100 years of Design: 1990s
The decade of cluttered type, clunky websites, and dirty design. Oh, how I was not looking forward to this era of design. Let’s dive right on in, shall we?
As someone who was young in the nineties, I suppose I owe a lot to this era. It brought us the internet and the beginning of a lot of technologies that, as a millennial, I take for granted on a regular basis. Typography was huge in the nineties and one iconic typographer was David Carson – as an art director for Ray Gun magazine, he introduced the innovative typographies and distinct layouts. He revolutionised the graphic design world with his unconventional typographic styles and has been claimed to be the godfather of ‘grunge typography’.
90s Graphic Design and the Internet
Today we enjoy websites that are created to be visually pleasing, clean and most importantly, user-friendly. In the nineties websites where tables were the building blocks of almost every site. Creativity was limited by the technology of the time and this made the design rather boring. Websites were essentially long lines of text, colourful backgrounds, and chaotic gif placement.
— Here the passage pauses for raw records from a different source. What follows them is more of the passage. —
theorem proposition2:
  fixes A :: "('q,'a,'c) enta" and ts :: "('q,'a,'c) transition list" and i :: nat
  assumes "wf_enta A"
    and "reachable_path A ts"
    and "1 \<le> i" and "i \<le> length ts"
  shows "integral_set (taken_times A ts i)
       \<and> (\<exists>S. integral_set S \<and> timestamp A ts i = S \<times> {act (ts ! (i - 1))})"
proof -
  have "integral_set (taken_times A ts i)"
  proof (rule integral_set_if_unit_interval_saturated)
    show "taken_times A ts i \<noteq> {}" using assms(2) by (rule taken_times_nonempty)
    show "taken_times A ts i \<subseteq> {0..}" using taken_times_nonneg by auto
  qed (auto intro: taken_times_order_convex taken_times_unit_interval_saturated)
  then show ?thesis unfolding timestamp_def by blast
qed

end
definition semidomain :: "'a::idom set \<Rightarrow> bool" where
  "semidomain S \<longleftrightarrow> 0 \<in> S \<and> 1 \<in> S \<and> (\<forall>a\<in>S. \<forall>b\<in>S. a + b \<in> S \<and> a * b \<in> S)"

definition pideal :: "'a::idom set \<Rightarrow> 'a \<Rightarrow> 'a set" where
  "pideal S b = {b * s | s. s \<in> S - {0}}"

definition ACCP :: "'a::idom set \<Rightarrow> bool" where
  "ACCP S \<longleftrightarrow> (\<forall>b :: nat \<Rightarrow> 'a. (\<forall>i. b i \<in> S - {0}) \<and> (\<forall>i. pideal S (b i) \<subseteq> pideal S (b (Suc i)))
      \<longrightarrow> (\<exists>N. \<forall>n\<ge>N. pideal S (b n) = pideal S (b N)))"

definition poly_semidomain :: "'a::idom set \<Rightarrow> 'a poly set" where
  "poly_semidomain S = {p. \<forall>n. coeff p n \<in> S}"

definition laurent_semidomain :: "'a::idom set \<Rightarrow> 'a fls set" where
  "laurent_semidomain S = {f. finite {n. fls_nth f n \<noteq> 0} \<and> (\<forall>n. fls_nth f n \<in> S)}"

end

theory Submission
  imports Defs "HOL-Computational_Algebra.Polynomial_FPS"
begin

text \<open>
  (a) \<Longrightarrow> (b): in a divisibility chain of nonzero polynomials the degrees decrease and
  therefore stabilise, and the leading coefficients form a divisibility chain in \<open>S\<close>,
  which stabilises by ACCP. Once both have stabilised, consecutive quotients are
  constants whose inverse also lies in \<open>S\<close>.

  All other implications come from one observation: ACCP is inherited along a map
  of monoids that preserves and reflects divisibility. Constants embed \<open>S\<^sup>*\<close> into
  \<open>S[x]\<^sup>*\<close> and into \<open>S[x\<^sup>\<plusminus>\<^sup>1]\<^sup>*\<close> in this way (read off the constant coefficient of a
  quotient), and writing a Laurent polynomial as \<open>x\<^sup>k p\<close> with \<open>p(0) \<noteq> 0\<close> maps
  \<open>S[x\<^sup>\<plusminus>\<^sup>1]\<^sup>*\<close> to \<open>S[x]\<^sup>*\<close> in this way, since powers of \<open>x\<close> are units of \<open>S[x\<^sup>\<plusminus>\<^sup>1]\<close>.
\<close>

subsection \<open>ACCP in multiplicative submonoids\<close>

definition mult_submonoid :: "'a::idom set \<Rightarrow> bool" where
  "mult_submonoid T \<longleftrightarrow> 1 \<in> T \<and> (\<forall>a\<in>T. \<forall>b\<in>T. a * b \<in> T)"

lemma semidomain_imp_mult_submonoid: "semidomain S \<Longrightarrow> mult_submonoid S"
  by (auto simp: semidomain_def mult_submonoid_def)

lemma pideal_iff: "x \<in> pideal T b \<longleftrightarrow> (\<exists>s\<in>T - {0}. x = b * s)"
  by (auto simp: pideal_def)

lemma pideal_subset_iff:
  assumes "mult_submonoid T"
  shows "pideal T a \<subseteq> pideal T b \<longleftrightarrow> a \<in> pideal T b"
proof
  assume "pideal T a \<subseteq> pideal T b"
  moreover have "a \<in> pideal T a"
    using assms by (auto simp: pideal_iff mult_submonoid_def intro: bexI[of _ 1])
  ultimately show "a \<in> pideal T b" by blast
next
  assume "a \<in> pideal T b"
  then obtain t where t: "t \<in> T - {0}" "a = b * t" by (auto simp: pideal_iff)
  show "pideal T a \<subseteq> pideal T b"
  proof
    fix x assume "x \<in> pideal T a"
    then obtain s where s: "s \<in> T - {0}" "x = a * s" by (auto simp: pideal_iff)
    have "t * s \<in> T - {0}" using assms s t by (auto simp: mult_submonoid_def)
    moreover have "x = b * (t * s)" using s t by (simp add: mult.assoc)
    ultimately show "x \<in> pideal T b" by (auto simp: pideal_iff)
  qed
qed

lemma pideal_chain_mono:
  assumes T: "mult_submonoid T" and chain: "\<forall>i. b i \<in> pideal T (b (Suc i))" and "m \<le> n"
  shows "pideal T (b m) \<subseteq> pideal T (b n)"
  by (rule lift_Suc_mono_le[of "\<lambda>i. pideal T (b i)", OF _ \<open>m \<le> n\<close>])
    (use chain in \<open>simp add: pideal_subset_iff[OF T]\<close>)

lemma ACCP_iff:
  assumes T: "mult_submonoid T"
  shows "ACCP T \<longleftrightarrow> (\<forall>b. (\<forall>i. b i \<in> T - {0}) \<and> (\<forall>i. b i \<in> pideal T (b (Suc i)))
                          \<longrightarrow> (\<exists>N. \<forall>n\<ge>N. b n \<in> pideal T (b N)))"
proof -
  have stable_iff: "pideal T (b n) = pideal T (b N) \<longleftrightarrow> b n \<in> pideal T (b N)"
    if chain: "\<forall>i. b i \<in> pideal T (b (Suc i))" and "N \<le> n" for b N n
  proof -
    have "pideal T (b N) \<subseteq> pideal T (b n)" using pideal_chain_mono[OF T chain \<open>N \<le> n\<close>] .
    then show ?thesis using pideal_subset_iff[OF T] by blast
  qed
  show ?thesis
    unfolding ACCP_def pideal_subset_iff[OF T]
    by (intro iff_allI) (use stable_iff in blast)
qed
If you don’t remember or weren’t old enough to have accessed the internet in the 90s you can still take a trip back in time to what is known within the industry as “brutalist websites” so named because of the ‘brutalism’ of its aesthetic. Using basic HTML the brutalist web design movement is all about creating rough and ready design, this approach is neither visually appealing nor user-friendly. Curious? Take a look at some of the pages on this archived website – https://brutalistwebsites.com/
Rave culture and design.
Just adding to the visual PAIN that is 90s design is Rave Culture.
Typography was bold and legible. Colours were bright or contrasting. Backgrounds dark and often inspired by science fiction and surrealism.
Fuelled by nostalgia some of these trends are coming back but with any luck, this will be a complete and total fad that will leave as fast as it came back.
The 1990s Typhograhic design styles weren’t all bad though, with some absolutely iconic movie posters coming out in 1994.
Pulp Fiction and Forrest Gump are very well known no matter how old you were when the films came out, most people would be able to recognise the film poster with only a fraction of them displayed. Both posters rely heavily on the 90s style of big type and simple imagery and both pull it off so well!
Dirty Design
With the advance of computer technology and access to “knowledge” due to the internet you have a recipe for disaster. Combine publisher or photoshop with the ability for anyone to print anything with an inkjet or as a website, and you have design anarchy. In the 90s the role of the graphic designer was reshaped to take on the duties of typesetting and pre-press production, which were formerly separate roles. Designers were now at the mercy of their industry.
“The tools of the designer are confused with the skills of the designer … The accessibility of production tools has undercut the design profession since anyone could make a flyer or a brochure.”
– Johanna Drucker
For a period of time there it did seem as though digital technologies were going to spell the end for graphic artist and graphic design professions. Graphic Designers managed to ride that wave out by adapting to survive, taking on more skills and more roles and learning expensive and elaborate software – this, however, paved the way to dirty design.
“…Because we designers, as a profession, decided to take over other people’s jobs (color seps, typesetters, retouchers) instead of concentrating on ours. In general, I think we should think more. Thinking, however, is difficult. Typesetting is easy.”
-Steven Sagmeister
Designers who used the computer as a creative tool created work that looked chaotic, anarchic, and expressive – but not logical. The irony is that this is what made 90s digital design so interesting.